HOW TO COMPLETE THIS TASK — Return the listing in full, word for word.

SUPPLIED RECORDS —
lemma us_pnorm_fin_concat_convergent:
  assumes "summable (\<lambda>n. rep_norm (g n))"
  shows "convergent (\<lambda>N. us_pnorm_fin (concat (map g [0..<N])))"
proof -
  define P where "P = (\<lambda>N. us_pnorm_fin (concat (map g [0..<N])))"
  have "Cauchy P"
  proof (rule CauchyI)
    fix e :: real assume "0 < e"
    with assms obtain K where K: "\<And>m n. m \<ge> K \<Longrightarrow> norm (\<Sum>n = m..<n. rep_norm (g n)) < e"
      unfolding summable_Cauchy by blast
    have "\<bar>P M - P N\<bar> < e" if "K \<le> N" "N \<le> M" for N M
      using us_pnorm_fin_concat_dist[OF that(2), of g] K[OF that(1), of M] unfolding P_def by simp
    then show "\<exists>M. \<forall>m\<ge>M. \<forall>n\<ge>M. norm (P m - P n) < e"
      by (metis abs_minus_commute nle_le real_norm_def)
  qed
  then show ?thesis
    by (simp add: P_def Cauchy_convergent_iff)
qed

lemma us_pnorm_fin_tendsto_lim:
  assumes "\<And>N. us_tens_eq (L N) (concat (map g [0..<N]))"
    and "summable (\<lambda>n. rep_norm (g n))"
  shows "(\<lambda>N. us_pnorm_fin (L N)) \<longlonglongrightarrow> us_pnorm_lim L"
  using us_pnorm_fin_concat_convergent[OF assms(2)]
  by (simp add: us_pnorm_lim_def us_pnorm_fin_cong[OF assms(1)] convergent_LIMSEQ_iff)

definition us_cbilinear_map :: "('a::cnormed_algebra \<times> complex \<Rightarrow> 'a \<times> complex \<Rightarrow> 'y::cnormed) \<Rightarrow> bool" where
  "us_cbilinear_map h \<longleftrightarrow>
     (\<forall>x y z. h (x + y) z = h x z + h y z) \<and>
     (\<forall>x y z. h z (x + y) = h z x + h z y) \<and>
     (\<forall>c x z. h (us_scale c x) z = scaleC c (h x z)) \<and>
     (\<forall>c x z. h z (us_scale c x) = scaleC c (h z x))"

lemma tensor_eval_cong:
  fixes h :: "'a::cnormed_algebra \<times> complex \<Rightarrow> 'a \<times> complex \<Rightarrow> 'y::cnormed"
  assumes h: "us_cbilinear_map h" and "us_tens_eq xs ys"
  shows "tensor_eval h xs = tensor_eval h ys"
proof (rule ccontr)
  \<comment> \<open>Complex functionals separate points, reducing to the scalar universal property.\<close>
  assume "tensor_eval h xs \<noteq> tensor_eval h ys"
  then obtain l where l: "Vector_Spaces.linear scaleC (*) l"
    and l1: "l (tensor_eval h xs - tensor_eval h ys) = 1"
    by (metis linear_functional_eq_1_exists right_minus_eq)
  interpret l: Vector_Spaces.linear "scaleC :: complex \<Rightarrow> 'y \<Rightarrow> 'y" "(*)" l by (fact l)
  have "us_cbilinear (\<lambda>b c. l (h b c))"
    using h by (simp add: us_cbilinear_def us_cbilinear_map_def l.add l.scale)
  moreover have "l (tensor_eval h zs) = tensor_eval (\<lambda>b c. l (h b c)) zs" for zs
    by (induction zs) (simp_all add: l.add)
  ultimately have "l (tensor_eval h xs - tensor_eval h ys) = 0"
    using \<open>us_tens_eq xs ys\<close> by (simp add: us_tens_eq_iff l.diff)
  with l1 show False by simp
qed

EXERCISE RESULT —
lemma us_pnorm_fin_concat_convergent:
  assumes "summable (\<lambda>n. rep_norm (g n))"
  shows "convergent (\<lambda>N. us_pnorm_fin (concat (map g [0..<N])))"
proof -
  define P where "P = (\<lambda>N. us_pnorm_fin (concat (map g [0..<N])))"
  have "Cauchy P"
  proof (rule CauchyI)
    fix e :: real assume "0 < e"
    with assms obtain K where K: "\<And>m n. m \<ge> K \<Longrightarrow> norm (\<Sum>n = m..<n. rep_norm (g n)) < e"
      unfolding summable_Cauchy by blast
    have "\<bar>P M - P N\<bar> < e" if "K \<le> N" "N \<le> M" for N M
      using us_pnorm_fin_concat_dist[OF that(2), of g] K[OF that(1), of M] unfolding P_def by simp
    then show "\<exists>M. \<forall>m\<ge>M. \<forall>n\<ge>M. norm (P m - P n) < e"
      by (metis abs_minus_commute nle_le real_norm_def)
  qed
  then show ?thesis
    by (simp add: P_def Cauchy_convergent_iff)
qed

lemma us_pnorm_fin_tendsto_lim:
  assumes "\<And>N. us_tens_eq (L N) (concat (map g [0..<N]))"
    and "summable (\<lambda>n. rep_norm (g n))"
  shows "(\<lambda>N. us_pnorm_fin (L N)) \<longlonglongrightarrow> us_pnorm_lim L"
  using us_pnorm_fin_concat_convergent[OF assms(2)]
  by (simp add: us_pnorm_lim_def us_pnorm_fin_cong[OF assms(1)] convergent_LIMSEQ_iff)

definition us_cbilinear_map :: "('a::cnormed_algebra \<times> complex \<Rightarrow> 'a \<times> complex \<Rightarrow> 'y::cnormed) \<Rightarrow> bool" where
  "us_cbilinear_map h \<longleftrightarrow>
     (\<forall>x y z. h (x + y) z = h x z + h y z) \<and>
     (\<forall>x y z. h z (x + y) = h z x + h z y) \<and>
     (\<forall>c x z. h (us_scale c x) z = scaleC c (h x z)) \<and>
     (\<forall>c x z. h z (us_scale c x) = scaleC c (h z x))"

lemma tensor_eval_cong:
  fixes h :: "'a::cnormed_algebra \<times> complex \<Rightarrow> 'a \<times> complex \<Rightarrow> 'y::cnormed"
  assumes h: "us_cbilinear_map h" and "us_tens_eq xs ys"
  shows "tensor_eval h xs = tensor_eval h ys"
proof (rule ccontr)
  \<comment> \<open>Complex functionals separate points, reducing to the scalar universal property.\<close>
  assume "tensor_eval h xs \<noteq> tensor_eval h ys"
  then obtain l where l: "Vector_Spaces.linear scaleC (*) l"
    and l1: "l (tensor_eval h xs - tensor_eval h ys) = 1"
    by (metis linear_functional_eq_1_exists right_minus_eq)
  interpret l: Vector_Spaces.linear "scaleC :: complex \<Rightarrow> 'y \<Rightarrow> 'y" "(*)" l by (fact l)
  have "us_cbilinear (\<lambda>b c. l (h b c))"
    using h by (simp add: us_cbilinear_def us_cbilinear_map_def l.add l.scale)
  moreover have "l (tensor_eval h zs) = tensor_eval (\<lambda>b c. l (h b c)) zs" for zs
    by (induction zs) (simp_all add: l.add)
  ultimately have "l (tensor_eval h xs - tensor_eval h ys) = 0"
    using \<open>us_tens_eq xs ys\<close> by (simp add: us_tens_eq_iff l.diff)
  with l1 show False by simp
qed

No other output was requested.